Le discours misogyne du pirate avait dérangé quelque chose dans ses tripes. Par certains côtés cela ressemblait un peu trop aux sentences de son maître d’armes. Il ne cessait de décrire à ses disciples les femmes sous des atours odieux. Pour ce qu’il en savait, c'est-à-dire bien peu, Mokr trouvait les femmes intrigantes, inquiétantes et parfois irritantes. Son jugement pouvait changer puisqu’il n’était sorti du temple d’Arès que depuis seulement deux ans. Sa vie de criminel recherché ne lui avait pas laissé le temps de nouer des relations autres qu’utilitaires.

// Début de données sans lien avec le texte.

(* Let $b\ge 2$ be even, $n\ge 0$, and put $f_0=b^{b^n}+1$, $f_1=b^{b^{n+1}}+1$. Then $\mathrm{Ap}(SF(b,n),f_0)=\{0,f_1,2f_1,\dots,b^{b^n}f_1\}$, $F(SF(b,n)) = b^{b^n}f_1 - f_0 = b^{(b+1)b^{n}}-1$, and $g(SF(b,n))=\tfrac12\, b^{(b+1)b^{n}}$.
   Context: For an even integer $b\ge2$ and $n\ge0$, $SF(b,n)=\langle\{b^{b^{n+i}}+1:i\in\mathbb{N}\}\rangle$, the submonoid of $(\mathbb{N},+)$ generated by these numbers (a numerical semigroup). $\mathrm{Ap}(S,x)=\{s\in S:s-x\notin S\}$; $F(S)$ is the greatest integer not in $S$; the genus $g(S)$ is the cardinality of $\mathbb{N}\setminus S$. *)

theory Defs
  imports Main
begin

inductive_set monoid_gen :: "nat set \<Rightarrow> nat set" for A :: "nat set" where
  zero: "0 \<in> monoid_gen A"
| add: "a \<in> A \<Longrightarrow> s \<in> monoid_gen A \<Longrightarrow> a + s \<in> monoid_gen A"

definition SF :: "nat \<Rightarrow> nat \<Rightarrow> nat set" where
  "SF b n = monoid_gen {b ^ (b ^ (n + i)) + 1 | i. True}"

text \<open>Apery set: elements s of S with s - x not in S (s - x taken in the integers).\<close>
definition Apery :: "nat set \<Rightarrow> nat \<Rightarrow> nat set" where
  "Apery S x = {s \<in> S. \<not> (s \<ge> x \<and> s - x \<in> S)}"

definition Frobenius :: "nat set \<Rightarrow> int" where
  "Frobenius S = (GREATEST z. z \<notin> int ` S)"

definition genus :: "nat set \<Rightarrow> nat" where
  "genus S = card (UNIV - S)"

end

theory Submission
  imports Defs
begin

text \<open>Write \<open>B = b^b^n\<close>, so that the generators are \<open>B^b^i + 1\<close>. Since \<open>B \<equiv> -1\<close> modulo
  \<open>f\<^sub>0 = B + 1\<close> and every exponent \<open>b^i\<close> with \<open>i \<ge> 1\<close> is even, each generator beyond \<open>f\<^sub>0\<close> is
  congruent to \<open>2 \<equiv> f\<^sub>1\<close> and at least \<open>f\<^sub>1\<close>, hence lies in \<open>\<langle>f\<^sub>0, f\<^sub>1\<rangle>\<close>; and \<open>f\<^sub>0\<close> is odd, so
  \<open>f\<^sub>0, f\<^sub>1\<close> are coprime. Thus \<open>SF(b,n)\<close> is a two-generated numerical semigroup, and the
  classical facts for \<open>\<langle>p, q\<rangle>\<close> apply: writing each integer uniquely as \<open>a p + k q\<close> with
  \<open>0 \<le> k < p\<close>, it is an element iff \<open>a \<ge> 0\<close>; this gives the Apery set \<open>{k q | k < p}\<close> and
  the symmetry \<open>z \<in> S \<longleftrightarrow> pq - p - q - z \<notin> S\<close>, whence the Frobenius number \<open>pq - p - q\<close>
  (Sylvester) and genus \<open>(p - 1)(q - 1)/2\<close>.\<close>

definition monoid_gen2 :: "nat \<Rightarrow> nat \<Rightarrow> nat set" where
  "monoid_gen2 p q = {a * p + k * q | a k. True}"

Mokr alluma une lampe à huile de Kraken et sortit de son sac les ustensiles pour entretenir les articulations fragiles de son armure. Il commença à les graisser avec soin lorsque des petits pas attirèrent son attention. Jôkanés se rapprocha de lui. Son regard n’était plus aussi vitreux, ce qui signifiait sûrement que Clômborot avait relâché son étreinte. Elle surveillait le Hyksos depuis le petit escalier, conservant sa forme de silhouette indistincte. Elle attendit un long moment puis elle se rapprocha, ses petits pas fouettant énergiquement les planches pourries du sol. Elle s’arrêta à une tête de la forme colossale du Hyksos penché sur ses bouts de ferrailles. Elle ne dit rien pendant une éternité puis sa main se déplaça et administra à Mokr une baffe sonore.
La joue du Hyksos se mit à lui brûler plus fort que de l’acide, sans qu’il en sût la raison. Les yeux de Jôkanés exprimaient une fureur et une tristesse inextinguible. Elle sortit en silence, laissant Mokr interloqué, ne sachant comment interpréter son geste. Ne se posant pas plus de questions, il retourna à son ouvrage, réalisant au bout de quelques instants que sa vue était brouillée par des gouttes. Il pleurait sans s’en rendre compte.